What we’re trying to come to grips with here are the hires- why racing clubs keep going to the same old well and dragging up the dregs? Is this the problem of the Human Resources people who try to second guess who will be “approved” as opposed to having the courage of their convictions to say, “We need a complete change, a reorganization and a new organisation chart and here’s the team recommended”? Sound familiar?
But as we know, Human Resources in any industry doesn’t work this way. They’re usually weak, they’re shallow, they’re creatures of habit, and go about their jobs with the shadow of fear hanging over them. Their modus operandi is finding ways to simply keep their jobs. It’s not about hiring anyone good as these people might quickly see that those who’ve hired them are the problem and not the solution.
We’ve asked these questions before and we’ll keep asking them: Who hires these human resources people? Isn’t senior management or the Executive Team and ultimately the Board of management responsible? Doesn’t the buck stop with these people who hire and fire? Do they know what makes someone a good Human Resources person? And why does Human Resources have such a huge say in the hiring process? What’s their relevance in 2016? Or, like everything else, despite all this talk about customer demographics, customer engagement, social media, hashtags etc, has anything actually changed? Like the role of the Human Resources person or for that matter the grossly overrated Executive Recruitment agencies?
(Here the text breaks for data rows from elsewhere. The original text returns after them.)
(* Let $G$, $\mathrm{b}$, $(w_{ij})$ with all $w_{ij}\le 0$, $H^*$, $U(H^* )$ and $(y^*,\lambda^* )$ be as in the context, and assume the LP relaxation (Primal LP') has no fractional solution. Then for any alternating path $P$ (with respect to $H^*$) whose endpoints belong to $U(H^* )$, there exists an edge $\{i,j\}\in P$ with $|w_{ij}+y_i^*+y_j^*|>0$.
   Context: Let $G=(V,E)$ be a finite undirected simple graph, $V=\{1,\dots,n\}$, with real edge weights $w_{ij}\le0$ and positive integers $b_i\le\deg_G(i)$; $N(i)$ is the neighbour set of $i$. A $\mathrm{b}$-matching is a set of edges in which each vertex $i$ has degree at most $b_i$; $H^*$ is a minimum weight $\mathrm{b}$-matching, and $U(H^* )$ is the set of vertices $i$ with $\deg_{H^*}(i)<b_i$. Primal LP': minimize $\sum w_{ij}x_{ij}$ s.t. $\sum_{j\in N(i)}x_{ij}\le b_i$, $0\le x_{ij}\le1$. Dual LP': maximize $-\sum_ib_iy_i-\sum\lambda_{ij}$ s.t. $w_{ij}+\lambda_{ij}\ge-y_i-y_j$, $\lambda_{ij}\ge0$ (and $y_i\ge0$). "No fractional solution" means every optimal solution of Primal LP' lies in $\{0,1\}^E$. $(y^*,\lambda^* )$ is an optimal solution of Dual LP'. A walk $P=(i_1,\dots,i_k)$ in $G$ is an alternating path (w.r.t. $H^*$) if (a) either all odd edges $\{i_1,i_2\},\{i_3,i_4\},\dots$ are in $H^*$ and all even edges $\{i_2,i_3\},\{i_4,i_5\},\dots$ are not, or vice versa; and (b) $i_r\neq i_{r+1}$ and $i_r\neq i_{r+2}$ for $1\le r\le k-2$ (vertices and edges may be revisited but no edge is repeated immediately). *)

theory Defs
  imports Complex_Main
begin

definition vset :: "nat \<Rightarrow> nat set" where
  "vset n = {1..n}"

definition simple_graph :: "nat \<Rightarrow> nat set set \<Rightarrow> bool" where
  "simple_graph n E \<longleftrightarrow> E \<subseteq> {{i, j} | i j. i \<in> vset n \<and> j \<in> vset n \<and> i \<noteq> j}"

definition nbrs :: "nat set set \<Rightarrow> nat \<Rightarrow> nat set" where
  "nbrs E i = {j. {i, j} \<in> E}"

definition deg :: "nat set set \<Rightarrow> nat \<Rightarrow> nat" where
  "deg F i = card {e \<in> F. i \<in> e}"

definition is_bmatching :: "nat \<Rightarrow> nat set set \<Rightarrow> (nat \<Rightarrow> nat) \<Rightarrow> nat set set \<Rightarrow> bool" where
  "is_bmatching n E b H \<longleftrightarrow> H \<subseteq> E \<and> (\<forall>i \<in> vset n. deg H i \<le> b i)"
Have these obscenely overpaid Head Hunters ever hunted down the right Executive for racing?
Isn’t it all about the Big Poohbah making all the decisions, and his sedated executives making meowing sounds around him? We’ve seen it, and it’s uncomfortable looking at these people made to look like the amateurs they are and incapable of sticking up for their ideas because they have none. Worse is when they flip flop, give up, give in, and do only as they’re told. Again, it’s about survival and thinking this is the safe way out. Or in. It’s because they’re not good enough. They’re the duplicitous Yes People.
While everything changes when it comes to consumer trends, too many in industries- horse racing included- stick to those time-honoured strategies of furiously sucking up, paying lip service, not knowing when they’re being bamboozled by bollocks, depending on selective memory recall and finding all the usual ways to avoid accountability. But as we keep hearing how a fish stinks from the head down, where the buck must stop with the Big Guy, and all the Neros who continue to fiddle while their respective Romes burn, it’s allowed to happen. Time and time again. Why? Because it’s the way it’s always been. Because racing is Risk Averse. Despite its vague and posturing efforts at planning for the future with voyeuristic five or ten year Strategic Plans, the truth is that Racing fears the future and the dynamism that a new breed of management would bring in the exciting digital age, which all, except racing, seems to have embraced. Racing is out of sync with the consumer/customer who is spoiled for choice and more demanding than ever in making that choice.
Racing clubs and the racing media are yet to even come close to smelling the teen spirit. Even those considered young still daub themselves with Old Spice and become more decrepit versions of the original models. So, how can there be change when those waffling about change either don’t know what change is, or are dweebs incapable of change? What’s their strength? Guess.
Horse racing is a business. Running a successful racing club is a business. It’s knowing your product and how to enhance it, and seeing it evolve. This cannot happen through navel gazing and waiting for the fairy godmother to come along and turn a pumpkin into a Lamborghini.
But seeing some of those given the task of running racing clubs – through a lucky draw?- they certainly seem to be singing “Believe” by Cher. They give the impression that everything will fall into place with the minimum of real work. To them, fairy tales do come true. And by passing the buck while having long lunches and being surrounded by their hand-picked Yes People, they will live happily ever after with what their golden goose has given them- their golden handshakes and golden parachutes. That’s all that matters. Of course, it’s a blatant con. But how many wish to see it when everyone is playing variations of the same game?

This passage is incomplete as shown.